_PROMPT:_ Going from the top of the data below, give again each line through the one containing "obtain b where", both ends kept.

◇ ◇ ◇

lemma reached_mono: "d \<le> d' \<Longrightarrow> j < n \<Longrightarrow> reached t d j \<subseteq> reached t d' j"
proof (induction d' rule: dec_induct)
  case (step d')
  then show ?case using reached_edge self_loop reached_subset by blast
qed simp

lemma start_reached: "j < n \<Longrightarrow> j \<in> reached t d j"
  using reached_mono[of 0 d j t] unfolding reached_def by auto

text \<open>Strong connectivity of the window yields an edge leaving the reached set.\<close>

lemma reached_window_grows:
  assumes j: "j < n" and not_all: "reached t (m * L) j \<noteq> {..<n}"
  shows "reached t (m * L) j \<subset> reached t (Suc m * L) j"
proof -
  let ?R = "reached t (m * L) j"
  obtain b where b: "b < n" "b \<notin> ?R" using not_all reached_subset by blast
  have "(j, b) \<in> (\<Union>k\<in>{t + m * L..t + m * L + L - 1}. E k)\<^sup>*"
    using window_connected[of "t + m * L"] j b unfolding strongly_connected_def by blast
  from rtrancl_exits_set[OF this start_reached[OF j] b(2)]
  obtain u v k where uv: "(u, v) \<in> E k" "u \<in> ?R" "v \<notin> ?R"
    and k: "k \<in> {t + m * L..t + m * L + L - 1}"
    by blast
  define d where "d = k - t"
  have d: "m * L \<le> d" "Suc d \<le> Suc m * L" "k = t + d"
    using k L_pos unfolding d_def by auto
  have "v \<in> reached t (Suc d) j"
    using reached_edge[of u t d j v] reached_mono[OF d(1) j] uv j d(3) by blast
  then have "v \<in> reached t (Suc m * L) j" using reached_mono[OF d(2) j] by blast
  moreover have "?R \<subseteq> reached t (Suc m * L) j" using reached_mono j by simp
  ultimately show ?thesis using uv(3) by blast
qed
lemma weight_Un_disjoint:
  fixes \<Phi> :: "('r, 'v) mln" and \<omega> :: "'r interp"
  assumes "finite \<Phi>" "\<forall>(\<phi>, a)\<in>\<Phi>. farity \<phi> \<ge> 1"
    and "finite A" "finite B" "A \<inter> B = {}"
  shows "weight \<Phi> (A \<union> B) \<omega> = weight \<Phi> A (restr \<omega> A) * weight \<Phi> B (restr \<omega> B) *
    (\<Prod>k\<in>{1..max_arity \<Phi>}. \<Prod>S\<in>crossing_ksubsets A B k. kweight \<Phi> k S (restr \<omega> S))"
proof -
  have "weight \<Phi> C (restr \<omega> C) =
      (\<Prod>k\<in>{1..max_arity \<Phi>}. \<Prod>S\<in>ksubsets C k. kweight \<Phi> k S (restr \<omega> S))" if "finite C" for C
    using that by (simp add: weight_eq_prod_kweight[OF assms(1,2)] restr_restr ksubsets_def)
  with assms show ?thesis
    by (simp add: weight_eq_prod_kweight prod_ksubsets_Un prod.distrib)
qed

lemma prod_between_powers:
  fixes f :: "'a \<Rightarrow> 'b::linordered_semidom"
  assumes "\<And>i. i \<in> I \<Longrightarrow> lo \<le> f i" "\<And>i. i \<in> I \<Longrightarrow> f i \<le> hi" "0 \<le> lo"
  shows "lo ^ card I \<le> prod f I" "prod f I \<le> hi ^ card I"
proof -
  show "lo ^ card I \<le> prod f I"
    using prod_mono[of I "\<lambda>_. lo" f] assms(1,3) by simp
  show "prod f I \<le> hi ^ card I"
    using prod_mono[of I f "\<lambda>_. hi"] assms by (simp add: order_trans[OF assms(3)])
qed

lemma prod_crossing_kweight_bounds:
  fixes ar :: "'r::finite \<Rightarrow> nat"
  assumes "\<omega> \<in> interps ar D" "finite A" "finite B" "A \<inter> B = {}" "0 < k"
  defines "c \<equiv> (card A + card B choose k) - (card A choose k) - (card B choose k)"
  shows "wmin ar \<Phi> k ^ c \<le> (\<Prod>S\<in>crossing_ksubsets A B k. kweight \<Phi> k S (restr \<omega> S))"
    and "(\<Prod>S\<in>crossing_ksubsets A B k. kweight \<Phi> k S (restr \<omega> S)) \<le> wmax ar \<Phi> k ^ c"
proof -
  have "finite S" "card S = k" if "S \<in> crossing_ksubsets A B k" for S
    using that assms(2,3) by (auto simp: crossing_ksubsets_def ksubsets_def intro: finite_subset)
  note bounds = kweight_restr_bounds[OF assms(1) this]
  show "wmin ar \<Phi> k ^ c \<le> (\<Prod>S\<in>crossing_ksubsets A B k. kweight \<Phi> k S (restr \<omega> S))"
    "(\<Prod>S\<in>crossing_ksubsets A B k. kweight \<Phi> k S (restr \<omega> S)) \<le> wmax ar \<Phi> k ^ c"
    unfolding c_def card_crossing_ksubsets[OF assms(2-5), symmetric]
    using bounds less_imp_le[OF wmin_pos] by (blast intro: prod_between_powers)+
qed

theorem proposition1:
  fixes ar :: "'r::finite \<Rightarrow> nat"
    and \<Phi> :: "('r, 'v) mln"
    and n m :: nat
    and \<omega> :: "'r interp"
  assumes "finite \<Phi>"
    and "\<forall>(\<phi>, a)\<in>\<Phi>. farity \<phi> \<ge> 1"
    and "n > 0" and "m > 0"
    and "\<omega> \<in> interps ar {1..n+m}"
  shows "(weight \<Phi> {1..n+m} \<omega> \<le>
           weight \<Phi> {1..n} (restr \<omega> {1..n}) * weight \<Phi> {n+1..n+m} (restr \<omega> {n+1..n+m}) *
           (\<Prod>k\<in>{1..max_arity \<Phi>}. wmax ar \<Phi> k ^ ((n+m choose k) - (n choose k) - (m choose k)))) \<and>
         (weight \<Phi> {1..n+m} \<omega> \<ge>
           weight \<Phi> {1..n} (restr \<omega> {1..n}) * weight \<Phi> {n+1..n+m} (restr \<omega> {n+1..n+m}) *
           (\<Prod>k\<in>{1..max_arity \<Phi>}. wmin ar \<Phi> k ^ ((n+m choose k) - (n choose k) - (m choose k))))"
proof -
  let ?N = "{1..n}" and ?M = "{n+1..n+m}" and ?K = "{1..max_arity \<Phi>}"
  define e where "e k = (n+m choose k) - (n choose k) - (m choose k)" for k
  define cross where "cross k = (\<Prod>S\<in>crossing_ksubsets ?N ?M k. kweight \<Phi> k S (restr \<omega> S))" for k
  have parts: "{1..n+m} = ?N \<union> ?M" "?N \<inter> ?M = {}"
    by auto
  have weight: "weight \<Phi> {1..n+m} \<omega> =
      weight \<Phi> ?N (restr \<omega> ?N) * weight \<Phi> ?M (restr \<omega> ?M) * prod cross ?K"
    unfolding cross_def parts(1) using assms(1,2) parts(2) by (intro weight_Un_disjoint) auto
  have lo: "wmin ar \<Phi> k ^ e k \<le> cross k" and hi: "cross k \<le> wmax ar \<Phi> k ^ e k" if "k \<in> ?K" for k
    using prod_crossing_kweight_bounds[OF assms(5) _ _ parts(2), of k \<Phi>] that
    by (simp_all add: cross_def e_def)
  have lo_nonneg: "0 \<le> wmin ar \<Phi> k ^ e k" for k
    using wmin_pos[of ar \<Phi> k] by simp
  have "(\<Prod>k\<in>?K. wmin ar \<Phi> k ^ e k) \<le> prod cross ?K"
    using lo lo_nonneg by (intro prod_mono) simp
  moreover have "prod cross ?K \<le> (\<Prod>k\<in>?K. wmax ar \<Phi> k ^ e k)"
    using lo hi lo_nonneg by (intro prod_mono) (meson order_trans)
  moreover have "0 \<le> weight \<Phi> ?N (restr \<omega> ?N) * weight \<Phi> ?M (restr \<omega> ?M)"
    by (simp add: weight_def)
  ultimately show ?thesis
    unfolding weight e_def by (simp add: mult_left_mono)
qed

end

◇ ◇ ◇

_WRITTEN RESPONSE:_
lemma reached_mono: "d \<le> d' \<Longrightarrow> j < n \<Longrightarrow> reached t d j \<subseteq> reached t d' j"
proof (induction d' rule: dec_induct)
  case (step d')
  then show ?case using reached_edge self_loop reached_subset by blast
qed simp

lemma start_reached: "j < n \<Longrightarrow> j \<in> reached t d j"
  using reached_mono[of 0 d j t] unfolding reached_def by auto

text \<open>Strong connectivity of the window yields an edge leaving the reached set.\<close>

lemma reached_window_grows:
  assumes j: "j < n" and not_all: "reached t (m * L) j \<noteq> {..<n}"
  shows "reached t (m * L) j \<subset> reached t (Suc m * L) j"
proof -
  let ?R = "reached t (m * L) j"
  obtain b where b: "b < n" "b \<notin> ?R" using not_all reached_subset by blast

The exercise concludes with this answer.